Return every line from the one with "fa_obj \<Rightarrow> ('z,'k)" through the one with "(\<forall>m. subsp (M m)) \<and>", inclusive, exactly as it appears below.

[Collected data]
<<<<

(* On the event described in Lemma 2.4 (namely: (a) whenever $p_j$ and $a_i$ interview each other, $i\le j+8\log n$; and (b) whenever the algorithm considers a proposal to $p_j$, all $p_{j'}$ with $j'<\min(j,n-8\log n)$ are matched), suppose the Adaptive Algorithm is considering the proposal between applicant $a_{i^*}$ and position $p_{j^*}$. Then for every $k\le j^*$, the current matching $\mu$ satisfies $$\big|\{(a_i,p_j)\in\mu : i<k,\ j\ge k\}\big|\le 8\log n.$$
   Context: Logarithms are base 2. Model. Let $A=\{a_1,\dots,a_n\}$ be a set of applicants and $P=\{p_1,\dots,p_n\}$ a set of positions. Each applicant $a_i$ has a publicly known value $u_i\in\mathbb R$ and each position $p_j$ a publicly known value $v_j\in\mathbb R$, indexed so that $u_1\ge u_2\ge\dots\ge u_n$ and $v_1\ge v_2\ge\dots\ge v_n$. The random variables $\epsilon^A_{ij}$, $\epsilon^P_{ji}$ ($i,j\in[n]$) are mutually independent and identically distributed according to a known distribution symmetric about $0$ (mean zero). The utility of $a_i$ for $p_j$ is $v_j+\epsilon^A_{ij}$ and the utility of $p_j$ for $a_i$ is $u_i+\epsilon^P_{ji}$; the values $\epsilon^A_{ij},\epsilon^P_{ji}$ become known only when $a_i$ and $p_j$ interview each other. The observed utility $v^o_{ij}$ of $a_i$ for $p_j$ equals $v_j+\epsilon^A_{ij}$ if $a_i,p_j$ have interviewed and $v_j$ otherwise; $u^o_{ji}$ is defined symmetrically ($u_i+\epsilon^P_{ji}$ or $u_i$). Write $p_j\succ_{a_i}p_{j'}$ iff $v^o_{ij}>v^o_{ij'}$ and $a_i\succ_{p_j}a_{i'}$ iff $u^o_{ji}>u^o_{ji'}$ (ties broken in favor of the smaller index); every agent prefers any partner to being unmatched. For a matching $\mu$, $\mu(x)$ denotes the partner of $x$ ($\emptyset$ if unmatched). Adaptive Algorithm. Initially all agents are unmatched and $v^o_{ij}=v_j$, $u^o_{ji}=u_i$ for all $i,j$. For an unmatched applicant $a$, let $\beta(a)$ be $a$'s most preferred position (w.r.t. current observed utilities) that has not yet rejected $a$. While some applicant is unmatched: let $j^*$ be the smallest index such that $\beta(a_i)=p_{j^*}$ for some unmatched $a_i$; let $a_{i^*}$ be $p_{j^*}$'s favorite applicant among $\{a_i:\beta(a_i)=p_{j^*},\mu(a_i)=\emptyset\}$. If $a_{i^*},p_{j^*}$ have not interviewed and ($i^*\le j^*$ or $a_{i^*}\succ_{p_{j^*}}\mu(p_{j^*})$), then they interview and $v^o_{i^*j^*},u^o_{j^*i^*}$ are updated. Otherwise: if $\mu(p_{j^*})\succ_{p_{j^*}}a_{i^*}$, then $p_{j^*}$ rejects $a_{i^*}$; else $p_{j^*}$ rejects $\mu(p_{j^*})$ (if nonempty) and $a_{i^*},p_{j^*}$ become matched. When all applicants are matched, output $\mu$. *)

theory Defs
  imports Complex_Main
begin

text \<open>Agents are indexed 1..n: applicant a_i is i, position p_j is j.
  A state of the Adaptive Algorithm records the matching (applicant to position),
  the set of interviewed pairs (i,j), and the set of rejections (i,j) meaning
  "p_j has rejected a_i".\<close>

record st =
  mu   :: "nat \<Rightarrow> nat option"
  intv :: "(nat \<times> nat) set"
  rej  :: "(nat \<times> nat) set"

definition init_st :: st where
  "init_st = \<lparr>mu = (\<lambda>_. None), intv = {}, rej = {}\<rparr>"

definition vo :: "(nat \<Rightarrow> real) \<Rightarrow> (nat \<Rightarrow> nat \<Rightarrow> real) \<Rightarrow> (nat \<times> nat) set \<Rightarrow> nat \<Rightarrow> nat \<Rightarrow> real" where
  "vo v eA I i j = v j + (if (i, j) \<in> I then eA i j else 0)"

definition uo :: "(nat \<Rightarrow> real) \<Rightarrow> (nat \<Rightarrow> nat \<Rightarrow> real) \<Rightarrow> (nat \<times> nat) set \<Rightarrow> nat \<Rightarrow> nat \<Rightarrow> real" where
  "uo u eP I j i = u i + (if (i, j) \<in> I then eP j i else 0)"

definition prefA :: "(nat \<Rightarrow> real) \<Rightarrow> (nat \<Rightarrow> nat \<Rightarrow> real) \<Rightarrow> (nat \<times> nat) set \<Rightarrow> nat \<Rightarrow> nat \<Rightarrow> nat \<Rightarrow> bool" where
  "prefA v eA I i j j' \<longleftrightarrow> vo v eA I i j > vo v eA I i j' \<or> (vo v eA I i j = vo v eA I i j' \<and> j < j')"

definition prefP :: "(nat \<Rightarrow> real) \<Rightarrow> (nat \<Rightarrow> nat \<Rightarrow> real) \<Rightarrow> (nat \<times> nat) set \<Rightarrow> nat \<Rightarrow> nat \<Rightarrow> nat \<Rightarrow> bool" where
  "prefP u eP I j i i' \<longleftrightarrow> uo u eP I j i > uo u eP I j i' \<or> (uo u eP I j i = uo u eP I j i' \<and> i < i')"

definition avail :: "nat \<Rightarrow> st \<Rightarrow> nat \<Rightarrow> nat set" where
  "avail n s i = {j \<in> {1..n}. (i, j) \<notin> rej s}"

definition beta :: "nat \<Rightarrow> (nat \<Rightarrow> real) \<Rightarrow> (nat \<Rightarrow> nat \<Rightarrow> real) \<Rightarrow> st \<Rightarrow> nat \<Rightarrow> nat" where
  "beta n v eA s i = (THE j. j \<in> avail n s i \<and> (\<forall>j' \<in> avail n s i. j' \<noteq> j \<longrightarrow> prefA v eA (intv s) i j j'))"

definition unmatched :: "nat \<Rightarrow> st \<Rightarrow> nat set" where
  "unmatched n s = {i \<in> {1..n}. mu s i = None}"

definition proposers :: "nat \<Rightarrow> st \<Rightarrow> nat set" where
  "proposers n s = {i \<in> unmatched n s. avail n s i \<noteq> {}}"

definition jstar :: "nat \<Rightarrow> (nat \<Rightarrow> real) \<Rightarrow> (nat \<Rightarrow> nat \<Rightarrow> real) \<Rightarrow> st \<Rightarrow> nat" where
  "jstar n v eA s = Min (beta n v eA s ` proposers n s)"
(* Let $G$ be a finite group, let $R$ be a Cayley subset of $G$, and suppose $\Gamma:=\mathrm{Cay}(G,R)$ is a GRR. Then either $|\Gamma[R]_I|\le 1$ or $|\Gamma^c[R^c]_I|\le 1$. Moreover, when $|G|>2$, either $G=\langle R\setminus\Gamma[R]_I\rangle$ and $|\Gamma[R]_I|\le 1$, or $G=\langle R^c\setminus\Gamma^c[R^c]_I\rangle$ and $|\Gamma^c[R^c]_I|\le 1$.
   Context: A Cayley subset of $G$ is a subset $R$ with $R=R^{-1}$ and $1\notin R$. $\mathrm{Cay}(G,R)$ is the graph with vertex set $G$ and edges $\{g,rg\}$ for $g\in G$, $r\in R$. It is a GRR if its automorphism group equals the group of right multiplications by elements of $G$ (equivalently, is isomorphic to $G$). $R^c:=G\setminus(\{1\}\cup R)$ and $\Gamma^c=\mathrm{Cay}(G,R^c)$ is the complement of $\Gamma$. For a graph $\Sigma$ and a vertex subset $X$, $\Sigma[X]_I$ denotes the set of isolated vertices of the subgraph of $\Sigma$ induced on $X$, i.e. the $v\in X$ with no neighbour in $X$. *)

theory Defs
  imports "HOL-Algebra.Algebra"
begin

definition cayley_subset :: "('a, 'b) monoid_scheme \<Rightarrow> 'a set \<Rightarrow> bool" where
  "cayley_subset G R \<longleftrightarrow> R \<subseteq> carrier G \<and> (\<forall>r\<in>R. inv\<^bsub>G\<^esub> r \<in> R) \<and> \<one>\<^bsub>G\<^esub> \<notin> R"

definition cay_adj :: "('a, 'b) monoid_scheme \<Rightarrow> 'a set \<Rightarrow> 'a \<Rightarrow> 'a \<Rightarrow> bool" where
  "cay_adj G R g h \<longleftrightarrow> g \<in> carrier G \<and> h \<in> carrier G \<and>
     (\<exists>r\<in>R. h = r \<otimes>\<^bsub>G\<^esub> g \<or> g = r \<otimes>\<^bsub>G\<^esub> h)"
(* For every $n\in\mathbb N$, the subfunctor $P^{\mathbf{FA}}\otimes\overline P^{\otimes n}$ of $P^{\mathbf{FA}}\otimes(P^{\mathbf{FA}})^{\otimes n}\cong P^{\mathbf{FA}}_{\mathbf{n+1}}$ is a direct summand, hence is projective in $\mathcal F(\mathbf{FA})$. Moreover there is an isomorphism $$P^{\mathbf{FA}}_{\mathbf{n+1}}\cong P^{\mathbf{FA}}\otimes(\overline P\oplus\overline\Bbbk)^{\otimes n}\cong\bigoplus_{k=0}^n\big(P^{\mathbf{FA}}\otimes\overline P^{\otimes k}\big)^{\oplus\binom nk}.$$
   Context: Let $\Bbbk$ be a field. $\mathbf{FA}$ denotes the category of finite sets and all maps, and $\mathbf{FI}$, $\mathbf{FS}$, $\mathbf{FB}$ its wide subcategories of injections, surjections and bijections respectively; $\mathbf n=\{1,\dots,n\}$ for $n\in\mathbb N$ ($\mathbf 0=\emptyset$), and $\mathfrak S_n$ is the symmetric group. For a category $\mathcal C$, $\Bbbk\mathcal C(X,Y)$ is the $\Bbbk$-vector space with basis $\mathcal C(X,Y)$. A $\Bbbk\mathbf{FA}$-module is a functor from $\mathbf{FA}$ to $\Bbbk$-vector spaces (these form the abelian category $\mathcal F(\mathbf{FA})$); $\otimes$ denotes the pointwise tensor product over $\Bbbk$, and $\hom_{\Bbbk\mathbf{FA}}$ denotes natural transformations. $P^{\mathbf{FA}}_{\mathbf n}:=\Bbbk\mathbf{FA}(\mathbf n,-)$, so $P^{\mathbf{FA}}_{\mathbf n}(X)\cong\Bbbk[X]^{\otimes n}$ (where $\Bbbk[X]$ has basis $\{[x]:x\in X\}$), with the right $\mathfrak S_n$-action by precomposition, equivalently place permutation of tensor factors; write $P^{\mathbf{FA}}:=P^{\mathbf{FA}}_{\mathbf 1}$. Let $\overline{\Bbbk}$ be the functor with value $\Bbbk$ on non-empty sets (all maps acting by the identity) and $0$ on $\emptyset$, and $\Bbbk_{\mathbf 0}$ the functor with value $\Bbbk$ on $\emptyset$ and $0$ on non-empty sets. $\overline P$ is the kernel of the surjection $P^{\mathbf{FA}}\to\overline\Bbbk$, $[x]\mapsto 1$; thus $\overline P(X)=\{\sum_x a_x[x]:\sum_x a_x=0\}$. For $n\ge1$, $\overline P^{\otimes n}$ is the $n$-fold pointwise tensor power, a subfunctor of $P^{\mathbf{FA}}_{\mathbf n}$ stable under the place-permutation right action of $\mathfrak S_n$; by convention $\overline P^{\otimes 0}:=\overline\Bbbk$. *)

theory Defs
  imports Main
begin

text \<open>
  Skeletal model of FA: the object n is the finite set {0..<n}; a morphism
  m -> m' is represented by any f :: nat => nat with f i < m' for i < m
  (only its restriction to {0..<m} matters).  A kFA-module is modelled
  concretely: its value at m is a k-linear subspace of a function space
  'z => 'k (pointwise operations); every k-vector space embeds in such a
  space, so nothing is lost.
\<close>

definition famap :: "nat \<Rightarrow> nat \<Rightarrow> (nat \<Rightarrow> nat) \<Rightarrow> bool" where
  "famap m m' f \<longleftrightarrow> (\<forall>i<m. f i < m')"

definition subsp :: "('z \<Rightarrow> 'k::field) set \<Rightarrow> bool" where
  "subsp V \<longleftrightarrow> (\<lambda>_. 0) \<in> V \<and> (\<forall>u\<in>V. \<forall>v\<in>V. (\<lambda>z. u z + v z) \<in> V)
      \<and> (\<forall>c. \<forall>u\<in>V. (\<lambda>z. c * u z) \<in> V)"

definition lin_on :: "('z \<Rightarrow> 'k::field) set \<Rightarrow> (('z \<Rightarrow> 'k) \<Rightarrow> ('y \<Rightarrow> 'k)) \<Rightarrow> bool" where
  "lin_on V T \<longleftrightarrow> (\<forall>u\<in>V. \<forall>v\<in>V. T (\<lambda>z. u z + v z) = (\<lambda>y. T u y + T v y))
      \<and> (\<forall>c. \<forall>u\<in>V. T (\<lambda>z. c * u z) = (\<lambda>y. c * T u y))"

type_synonym ('z,'k) fa_obj = "nat \<Rightarrow> ('z \<Rightarrow> 'k) set"
type_synonym ('z,'k) fa_act = "nat \<Rightarrow> nat \<Rightarrow> (nat \<Rightarrow> nat) \<Rightarrow> ('z \<Rightarrow> 'k) \<Rightarrow> ('z \<Rightarrow> 'k)"

definition fa_module :: "('z,'k::field) fa_obj \<Rightarrow> ('z,'k) fa_act \<Rightarrow> bool" where
  "fa_module M A \<longleftrightarrow>
     (\<forall>m. subsp (M m)) \<and>
     (\<forall>m m' f. famap m m' f \<longrightarrow> lin_on (M m) (A m m' f) \<and> A m m' f ` M m \<subseteq> M m') \<and>
     (\<forall>m m' f g. famap m m' f \<longrightarrow> (\<forall>i<m. f i = g i) \<longrightarrow> (\<forall>v\<in>M m. A m m' f v = A m m' g v)) \<and>
     (\<forall>m. \<forall>v\<in>M m. A m m id v = v) \<and>
     (\<forall>m m' m'' f g. famap m m' f \<longrightarrow> famap m' m'' g \<longrightarrow>
        (\<forall>v\<in>M m. A m m'' (g \<circ> f) v = A m' m'' g (A m m' f v)))"
lemma powi_identity_pascal_transfer:
  fixes f g :: "nat \<Rightarrow> 'a::field_char_0" and V :: "nat \<Rightarrow> nat \<Rightarrow> 'a"
  assumes eq: "\<And>t. (\<Sum>k\<in>A. f k * t ^ k * (1 - t) powi (int n - int k))
                  = (\<Sum>k\<in>B. g k * t ^ k)"
    and A: "finite A"
    and pascal: "\<And>a b. V a b = V a (Suc b) + V (Suc a) b"
    and W: "\<And>k. k \<le> n \<Longrightarrow> W k = V k (n - k)"
  shows "(\<Sum>k\<in>A. f k * W k) = (\<Sum>k\<in>B. g k * V k 0)"
proof -
  have "f k * W k = f k * V k (n - k)" if "k \<in> A" for k
    using W powi_identity_coeffs_vanish[OF eq A that] by (cases "k \<le> n") auto
  then have "(\<Sum>k\<in>A. f k * W k) = (\<Sum>k\<in>A. f k * V k (n - k))"
    by (rule sum.cong[OF refl])
  also have "\<dots> = (\<Sum>k\<in>B. g k * V k 0)"
    by (rule pascal_transfer[where V = V, OF pascal powi_identity_imp_poly_eq[OF eq A]])
  finally show ?thesis .
qed

lemma Beta_eq_inverse_cbinom: "Beta x y = 1 / (x * cbinom (x + y - 1) x)"
proof -
  have "x * cbinom (x + y - 1) x = Gamma (x + y) * rGamma x * rGamma y"
    using rGamma_plus1[of x] by (simp add: cbinom_def algebra_simps)
  then show ?thesis
    by (simp add: Beta_altdef divide_inverse
        flip: rGamma_inverse_Gamma Gamma_def)
qed

lemma Beta_Digamma_plus1_plus1:
  fixes x y :: "'a::Gamma"
  assumes x: "x \<notin> \<int>\<^sub>\<le>\<^sub>0" and y: "y \<notin> \<int>\<^sub>\<le>\<^sub>0" and xy: "x + y \<noteq> 0"
  shows "Beta (x + 1) y * (Digamma y - Digamma (x + y + 1))
           + Beta x (y + 1) * (Digamma (y + 1) - Digamma (x + y + 1))
         = Beta x y * (Digamma y - Digamma (x + y))"
proof -
  have "y \<noteq> 0" using y by auto
  have B1: "Beta (x + 1) y = x / (x + y) * Beta x y"
    using Beta_plus1_left[OF x, of y] xy by (simp add: field_simps)
  have B2: "Beta x (y + 1) = y / (x + y) * Beta x y"
    using Beta_plus1_right[OF y, of x] xy by (simp add: field_simps)
  have D1: "Digamma (y + 1) = Digamma y + 1 / y"
    using Digamma_plus1[OF \<open>y \<noteq> 0\<close>] .
  have D2: "Digamma (x + y + 1) = Digamma (x + y) + 1 / (x + y)"
    using Digamma_plus1[OF xy] .
  obtain S where S: "x + y = S" by blast
  then have "x = S - y" "S \<noteq> 0" using xy by auto
  show ?thesis
    unfolding B1 B2 D1 D2 unfolding S using \<open>y \<noteq> 0\<close> \<open>S \<noteq> 0\<close>
    by (simp add: \<open>x = S - y\<close> field_simps)
qed

lemma of_nat_add_notin_nonpos_Ints:
  fixes z :: "'a::ring_1"
  assumes "z \<notin> \<int>\<^sub>\<le>\<^sub>0"
  shows "of_nat a + z \<notin> \<int>\<^sub>\<le>\<^sub>0"
  using nonpos_Ints_diff_Nats[of "of_nat a + z" "of_nat a"] assms by auto

lemma Beta_shift_pascal:
  fixes p q :: "'a::Gamma"
  assumes "p \<notin> \<int>\<^sub>\<le>\<^sub>0" "q \<notin> \<int>\<^sub>\<le>\<^sub>0"
  shows "Beta (of_nat a + p) (of_nat b + q)
       = Beta (of_nat a + p) (of_nat (Suc b) + q) + Beta (of_nat (Suc a) + p) (of_nat b + q)"
  using Beta_plus1_plus1[OF assms[THEN of_nat_add_notin_nonpos_Ints]]
  by (simp add: algebra_simps)

lemma Beta_Digamma_shift_pascal:
  fixes p q :: "'a::Gamma"
  assumes "p \<notin> \<int>\<^sub>\<le>\<^sub>0" "q \<notin> \<int>\<^sub>\<le>\<^sub>0" "p + q \<notin> \<int>\<^sub>\<le>\<^sub>0"
  defines "D \<equiv> \<lambda>a b. Beta (of_nat a + p) (of_nat b + q)
                   * (Digamma (of_nat b + q) - Digamma (of_nat (a + b) + (p + q)))"
  shows "D a b = D a (Suc b) + D (Suc a) b"
proof -
  have "of_nat (a + b) + (p + q) \<noteq> 0"
    using of_nat_add_notin_nonpos_Ints[OF assms(3), of "a + b"] by (metis zero_in_nonpos_Ints)
  then show ?thesis
    using Beta_Digamma_plus1_plus1[OF assms(1,2)[THEN of_nat_add_notin_nonpos_Ints], of a b]
    by (simp add: D_def algebra_simps)
qed

lemma nonpos_Ints_eq_insert_neg_ints: "\<int>\<^sub>\<le>\<^sub>0 = insert 0 neg_ints"
  by (auto simp: neg_ints_def nonpos_Ints_def)

lemma neg_ints_iff_plus_one_nonpos_Ints: "z \<in> neg_ints \<longleftrightarrow> z + 1 \<in> \<int>\<^sub>\<le>\<^sub>0"
proof
  assume "z \<in> neg_ints"
  then obtain k where "z = of_int k" "k < 0"
    by (auto simp: neg_ints_def)
  then have "z + 1 = of_int (k + 1)" "k + 1 \<le> 0" by simp_all
  then show "z + 1 \<in> \<int>\<^sub>\<le>\<^sub>0"
    by (metis nonpos_Ints_of_int)
next
  assume "z + 1 \<in> \<int>\<^sub>\<le>\<^sub>0"
  then obtain m where "z + 1 = of_int m" "m \<le> 0"
    by (auto simp: nonpos_Ints_def)
  then have "z = of_int (m - 1) \<and> m - 1 < 0" by (simp add: algebra_simps)
  then show "z \<in> neg_ints"
    unfolding neg_ints_def by blast
qed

>>>>

* Response to the task
definition fa_module :: "('z,'k::field) fa_obj \<Rightarrow> ('z,'k) fa_act \<Rightarrow> bool" where
  "fa_module M A \<longleftrightarrow>
     (\<forall>m. subsp (M m)) \<and>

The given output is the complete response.